When the signal is sent, it is added to the pending signal list of the
target process. Unless the process blocks the signal, its TIF_SIGPENDING
thread flag is set and the process (actually, all threads in the
process) is then woken up. If signals are blocked by that process, it
will set its own TIF_SIGPENDING flag when it unblocks the signals.
recalc_sigpending() as well as a few other code paths) set/clear the
thread flag TIF_SIGPENDING which controls delivery of signals on
interrupt, trap and syscall return paths to userspace.

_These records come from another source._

lemma sys_min_weight_block_diag:
  assumes "0 < k" "0 < m" "sys_min_weight k A d"
  shows "sys_min_weight (m * k) (block_diag k A) d"
  unfolding sys_min_weight_def
proof
  show "\<forall>x\<in>vecs (m * k). x \<noteq> (\<lambda>i. 0) \<longrightarrow> d \<le> sys_weight (m * k) (block_diag k A) x"
  proof (intro ballI impI)
    fix x
    assume "x \<in> vecs (m * k)" "x \<noteq> (\<lambda>i. 0)"
    with assms(1) obtain b where b: "b < m" "block k x b \<noteq> (\<lambda>i. 0)"
      by (auto simp: vecs_eq_zero_iff_blocks)
    with assms(3) have "d \<le> sys_weight k A (block k x b)"
      by (simp add: sys_min_weight_def block_in_vecs)
    also have "\<dots> \<le> (\<Sum>b<m. sys_weight k A (block k x b))"
      using b by (intro member_le_sum) auto
    finally show "d \<le> sys_weight (m * k) (block_diag k A) x"
      by (simp add: sys_weight_block_diag assms(1))
  qed
  from assms(3) obtain x0 where x0: "x0 \<in> vecs k" "x0 \<noteq> (\<lambda>i. 0)" "sys_weight k A x0 = d"
    by (auto simp: sys_min_weight_def)
  moreover have "vecs k \<subseteq> vecs (m * k)"
    using assms(2) by (cases m) (auto simp: vecs_def)
  ultimately show "\<exists>x\<in>vecs (m * k). x \<noteq> (\<lambda>i. 0) \<and> sys_weight (m * k) (block_diag k A) x = d"
    using assms(1,2) by (auto simp: sys_weight_block_diag_of_vecs)
qed
lemma Cset_inter_translate_eq:
  assumes n: "n \<ge> 1" and m: "0 < m"
    and as_digits: "\<forall>j\<ge>1. as j \<in> {0, m, - m}"
    and as_val: "\<alpha> = radix_val n as"
    and as_unique: "\<forall>\<beta>. (\<forall>j\<ge>1. \<beta> j \<in> {0, m, - m}) \<and> radix_val n \<beta> = \<alpha>
                        \<longrightarrow> (\<forall>j\<ge>1. \<beta> j = as j)"
  shows "Cset n {0, m} \<inter> (\<lambda>z. z + \<alpha>) ` Cset n {0, m}
           = radix_val n ` {d. \<forall>j\<ge>1. d j \<in> {0, m} \<inter> (\<lambda>x. x + as j) ` {0, m}}"
proof (intro equalityI subsetI)
  fix x assume "x \<in> Cset n {0, m} \<inter> (\<lambda>z. z + \<alpha>) ` Cset n {0, m}"
  then obtain d d' where d: "\<forall>j\<ge>1. d j \<in> {0, m}" "x = radix_val n d"
    and d': "\<forall>j\<ge>1. d' j \<in> {0, m}" "x = radix_val n d' + \<alpha>"
    by (auto simp: Cset_def)
  have "\<bar>d j\<bar> \<le> m" "\<bar>d' j\<bar> \<le> m" if "j \<ge> 1" for j
    using d(1)[rule_format, OF that] d'(1)[rule_format, OF that] m by auto
  moreover have "\<alpha> = radix_val n d - radix_val n d'" using d(2) d'(2) by (simp add: algebra_simps)
  ultimately have "radix_val n (\<lambda>j. d j - d' j) = \<alpha>"
    using radix_val_diff[OF n, of d m d' m] by simp
  moreover have "\<forall>j\<ge>1. d j - d' j \<in> {0, m, - m}"
    using d(1) d'(1) by (metis diff_0_right diff_self insertCI insertE singletonD diff_0)
  ultimately have "\<forall>j\<ge>1. d j - d' j = as j"
    using spec[OF as_unique, of "\<lambda>j. d j - d' j"] by blast
  hence diff: "d j - d' j = as j" if "j \<ge> 1" for j
    using that by blast
  have "d j \<in> {0, m} \<inter> (\<lambda>x. x + as j) ` {0, m}" if "j \<ge> 1" for j
  proof
    show "d j \<in> (\<lambda>x. x + as j) ` {0, m}"
      using d'(1) that by (intro image_eqI[of _ _ "d' j"]) (auto simp: diff[OF that, symmetric])
  qed (use d(1) that in blast)
  thus "x \<in> radix_val n ` {d. \<forall>j\<ge>1. d j \<in> {0, m} \<inter> (\<lambda>x. x + as j) ` {0, m}}"
    unfolding d(2) by blast
next
  fix x assume "x \<in> radix_val n ` {d. \<forall>j\<ge>1. d j \<in> {0, m} \<inter> (\<lambda>x. x + as j) ` {0, m}}"
  then obtain d where d: "\<forall>j\<ge>1. d j \<in> {0, m} \<inter> (\<lambda>x. x + as j) ` {0, m}" "x = radix_val n d"
    by blast
  have dj: "d j \<in> {0, m}" "d j - as j \<in> {0, m}" if "j \<ge> 1" for j
    using d(1)[rule_format, OF that] by auto
  have "\<bar>d j\<bar> \<le> m" "\<bar>as j\<bar> \<le> m" if "j \<ge> 1" for j
    using dj(1)[OF that] as_digits[rule_format, OF that] m by auto
  hence "x = radix_val n (\<lambda>j. d j - as j) + \<alpha>"
    using radix_val_diff[OF n, of d m as m] d(2) as_val by simp
  moreover have "radix_val n (\<lambda>j. d j - as j) \<in> Cset n {0, m}" "x \<in> Cset n {0, m}"
    using d(2) dj unfolding Cset_def by blast+
  ultimately show "x \<in> Cset n {0, m} \<inter> (\<lambda>z. z + \<alpha>) ` Cset n {0, m}" by blast
qed

lemma radix_val_translated_digits:
  assumes n: "n \<ge> 1" and g: "\<forall>j\<ge>1. \<bar>g j\<bar> \<le> M" and S: "\<forall>j\<ge>1. \<forall>x\<in>S j. \<bar>x\<bar> \<le> M"
  shows "radix_val n ` {d. \<forall>j\<ge>1. d j \<in> (\<lambda>e. e + g j) ` S j}
           = (\<lambda>k. k + radix_val n g) ` radix_val n ` {e. \<forall>j\<ge>1. e j \<in> S j}"
proof -
  have sum_val: "radix_val n (\<lambda>j. e j + g j) = radix_val n e + radix_val n g"
    if "\<forall>j\<ge>1. e j \<in> S j" for e
    using that S by (intro radix_val_add[OF n _ g, of _ M]) blast
  show ?thesis
  proof (intro equalityI subsetI)
    fix x assume "x \<in> radix_val n ` {d. \<forall>j\<ge>1. d j \<in> (\<lambda>e. e + g j) ` S j}"
    then obtain d where d: "\<forall>j\<ge>1. d j - g j \<in> S j" "x = radix_val n d" by force
    thus "x \<in> (\<lambda>k. k + radix_val n g) ` radix_val n ` {e. \<forall>j\<ge>1. e j \<in> S j}"
      using sum_val[OF d(1)] by force
  next
    fix x assume "x \<in> (\<lambda>k. k + radix_val n g) ` radix_val n ` {e. \<forall>j\<ge>1. e j \<in> S j}"
    then obtain e where e: "\<forall>j\<ge>1. e j \<in> S j" "x = radix_val n e + radix_val n g" by blast
    thus "x \<in> radix_val n ` {d. \<forall>j\<ge>1. d j \<in> (\<lambda>e. e + g j) ` S j}"
      using sum_val[OF e(1)] by force
  qed
qed

lemma radix_val_inter_digits_eq:
  assumes n: "n \<ge> 1" and m: "0 < m"
    and as_digits: "\<forall>j\<ge>1. as j \<in> {0, m, - m}"
    and \<gamma>_def: "\<gamma> = radix_val n (\<lambda>j. Min ({0, m} \<inter> (\<lambda>x. x + as j) ` {0, m}))"
  shows "radix_val n ` {d. \<forall>j\<ge>1. d j \<in> {0, m} \<inter> (\<lambda>x. x + as j) ` {0, m}}
           = (\<lambda>k. k + \<gamma>) ` radix_set n (\<lambda>j. m - \<bar>as j\<bar>)"
proof -
  define g where "g j = Min ({0, m} \<inter> (\<lambda>x. x + as j) ` {0, m})" for j
  have inter: "{0, m} \<inter> (\<lambda>x. x + as j) ` {0, m} = (\<lambda>e. e + g j) ` {0, m - \<bar>as j\<bar>}"
    if "j \<ge> 1" for j
    unfolding g_def by (rule digit_inter_eq[OF m]) (use as_digits that in auto)
  have "\<bar>g j\<bar> \<le> m" if "j \<ge> 1" for j
  proof -
    have "0 + g j \<in> {0, m} \<inter> (\<lambda>x. x + as j) ` {0, m}"
      unfolding inter[OF that] by blast
    hence "g j \<in> {0, m}" by simp
    thus ?thesis using m by auto
  qed
  moreover have "\<forall>x\<in>{0, m - \<bar>as j\<bar>}. \<bar>x\<bar> \<le> m" if "j \<ge> 1" for j
    using as_digits[rule_format, OF that] m by auto
  ultimately have "radix_val n ` {d. \<forall>j\<ge>1. d j \<in> (\<lambda>e. e + g j) ` {0, m - \<bar>as j\<bar>}}
      = (\<lambda>k. k + radix_val n g) ` radix_set n (\<lambda>j. m - \<bar>as j\<bar>)"
    unfolding radix_set_def digit_seqs_def by (intro radix_val_translated_digits[OF n]) blast+
  moreover have "{d. \<forall>j\<ge>1. d j \<in> {0, m} \<inter> (\<lambda>x. x + as j) ` {0, m}}
      = {d. \<forall>j\<ge>1. d j \<in> (\<lambda>e. e + g j) ` {0, m - \<bar>as j\<bar>}}"
    using inter by auto
  ultimately show ?thesis
    unfolding \<gamma>_def g_def[symmetric] by simp
qed

section \<open>Invariance under a similarity centred at \<open>\<gamma>\<close>\<close>

lemma norm_contracting_similarity_affine:
  assumes "contracting_similarity (\<lambda>x. r * x + c)"
  shows "0 < cmod r" "cmod r < 1"
proof -
  obtain \<rho> where "0 < \<rho>" "\<rho> < 1" "\<forall>x y. dist (r * x + c) (r * y + c) = \<rho> * dist x y"
    using assms unfolding contracting_similarity_def by blast
  moreover from this have "cmod r = \<rho>"
    by (metis dist_add_cancel2 dist_0_norm dist_commute mult.right_neutral mult_zero_right norm_one)
  ultimately show "0 < cmod r" "cmod r < 1" by simp_all
qed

When TIF_SIGPENDING is set, do_signal(regs) is called. It is
architecture specific (I'm currently looking at x86_32). It delivers the
signal by calling the arch-specific handle_signal().

So I think that handle_signal() could be an interesting function to
instrument within each architecture to know exactly when the signal
stack is setup. However, since we are currently discussing
architecture-independent instrumentation, instrumenting all

  set_tsk_thread_flag(p, TIF_SIGPENDING);

statements would be good to learn whenever the signal is being seen by
the target process.

Since this thread flag is set at 3 locations in signal.c, putting a
wrapper around set_tsk_thread_flag(t, TIF_SIGPENDING); and inserting a
tracepoint with each call could make sense.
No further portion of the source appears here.